Stored items from a collection
---------------
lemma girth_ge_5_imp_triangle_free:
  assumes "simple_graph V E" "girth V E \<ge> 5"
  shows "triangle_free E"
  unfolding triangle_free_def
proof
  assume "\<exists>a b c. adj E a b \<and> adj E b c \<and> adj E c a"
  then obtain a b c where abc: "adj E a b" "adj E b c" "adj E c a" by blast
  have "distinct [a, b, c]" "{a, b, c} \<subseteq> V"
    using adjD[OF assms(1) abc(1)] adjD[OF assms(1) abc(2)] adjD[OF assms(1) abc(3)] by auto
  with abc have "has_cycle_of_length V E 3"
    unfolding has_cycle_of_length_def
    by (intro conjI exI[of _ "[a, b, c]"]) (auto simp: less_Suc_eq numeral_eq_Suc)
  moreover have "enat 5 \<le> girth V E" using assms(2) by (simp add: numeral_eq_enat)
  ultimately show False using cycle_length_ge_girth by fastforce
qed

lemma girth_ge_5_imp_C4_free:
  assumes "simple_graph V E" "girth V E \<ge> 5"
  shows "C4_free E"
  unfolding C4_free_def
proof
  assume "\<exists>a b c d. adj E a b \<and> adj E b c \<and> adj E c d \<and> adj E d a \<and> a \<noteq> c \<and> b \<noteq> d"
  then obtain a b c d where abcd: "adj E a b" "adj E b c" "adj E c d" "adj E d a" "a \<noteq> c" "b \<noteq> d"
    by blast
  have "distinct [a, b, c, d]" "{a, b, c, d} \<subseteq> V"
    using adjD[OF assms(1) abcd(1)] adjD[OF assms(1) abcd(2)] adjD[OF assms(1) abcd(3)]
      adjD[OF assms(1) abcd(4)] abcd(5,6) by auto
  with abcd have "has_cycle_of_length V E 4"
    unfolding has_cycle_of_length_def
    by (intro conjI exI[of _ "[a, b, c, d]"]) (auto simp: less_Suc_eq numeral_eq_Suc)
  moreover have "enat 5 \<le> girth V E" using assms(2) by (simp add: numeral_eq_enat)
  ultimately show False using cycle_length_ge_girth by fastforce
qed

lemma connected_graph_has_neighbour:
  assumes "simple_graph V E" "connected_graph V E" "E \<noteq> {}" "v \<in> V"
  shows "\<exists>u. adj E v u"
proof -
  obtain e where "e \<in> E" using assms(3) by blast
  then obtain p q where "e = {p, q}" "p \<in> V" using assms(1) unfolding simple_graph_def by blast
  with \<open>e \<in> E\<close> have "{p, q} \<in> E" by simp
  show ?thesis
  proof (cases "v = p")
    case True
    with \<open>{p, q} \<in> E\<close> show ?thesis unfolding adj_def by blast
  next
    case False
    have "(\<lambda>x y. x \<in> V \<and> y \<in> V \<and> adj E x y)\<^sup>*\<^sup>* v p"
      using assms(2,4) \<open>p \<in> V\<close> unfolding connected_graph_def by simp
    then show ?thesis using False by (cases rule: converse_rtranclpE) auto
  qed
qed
---------------
### Work to complete
Go through the records above and write each one out again exactly.

### Written answer
lemma girth_ge_5_imp_triangle_free:
  assumes "simple_graph V E" "girth V E \<ge> 5"
  shows "triangle_free E"
  unfolding triangle_free_def
proof
  assume "\<exists>a b c. adj E a b \<and> adj E b c \<and> adj E c a"
  then obtain a b c where abc: "adj E a b" "adj E b c" "adj E c a" by blast
  have "distinct [a, b, c]" "{a, b, c} \<subseteq> V"
    using adjD[OF assms(1) abc(1)] adjD[OF assms(1) abc(2)] adjD[OF assms(1) abc(3)] by auto
  with abc have "has_cycle_of_length V E 3"
    unfolding has_cycle_of_length_def
    by (intro conjI exI[of _ "[a, b, c]"]) (auto simp: less_Suc_eq numeral_eq_Suc)
  moreover have "enat 5 \<le> girth V E" using assms(2) by (simp add: numeral_eq_enat)
  ultimately show False using cycle_length_ge_girth by fastforce
qed

lemma girth_ge_5_imp_C4_free:
  assumes "simple_graph V E" "girth V E \<ge> 5"
  shows "C4_free E"
  unfolding C4_free_def
proof
  assume "\<exists>a b c d. adj E a b \<and> adj E b c \<and> adj E c d \<and> adj E d a \<and> a \<noteq> c \<and> b \<noteq> d"
  then obtain a b c d where abcd: "adj E a b" "adj E b c" "adj E c d" "adj E d a" "a \<noteq> c" "b \<noteq> d"
    by blast
  have "distinct [a, b, c, d]" "{a, b, c, d} \<subseteq> V"
    using adjD[OF assms(1) abcd(1)] adjD[OF assms(1) abcd(2)] adjD[OF assms(1) abcd(3)]
      adjD[OF assms(1) abcd(4)] abcd(5,6) by auto
  with abcd have "has_cycle_of_length V E 4"
    unfolding has_cycle_of_length_def
    by (intro conjI exI[of _ "[a, b, c, d]"]) (auto simp: less_Suc_eq numeral_eq_Suc)
  moreover have "enat 5 \<le> girth V E" using assms(2) by (simp add: numeral_eq_enat)
  ultimately show False using cycle_length_ge_girth by fastforce
qed

lemma connected_graph_has_neighbour:
  assumes "simple_graph V E" "connected_graph V E" "E \<noteq> {}" "v \<in> V"
  shows "\<exists>u. adj E v u"
proof -
  obtain e where "e \<in> E" using assms(3) by blast
  then obtain p q where "e = {p, q}" "p \<in> V" using assms(1) unfolding simple_graph_def by blast
  with \<open>e \<in> E\<close> have "{p, q} \<in> E" by simp
  show ?thesis
  proof (cases "v = p")
    case True
    with \<open>{p, q} \<in> E\<close> show ?thesis unfolding adj_def by blast
  next
    case False
    have "(\<lambda>x y. x \<in> V \<and> y \<in> V \<and> adj E x y)\<^sup>*\<^sup>* v p"
      using assms(2,4) \<open>p \<in> V\<close> unfolding connected_graph_def by simp
    then show ?thesis using False by (cases rule: converse_rtranclpE) auto
  qed
qed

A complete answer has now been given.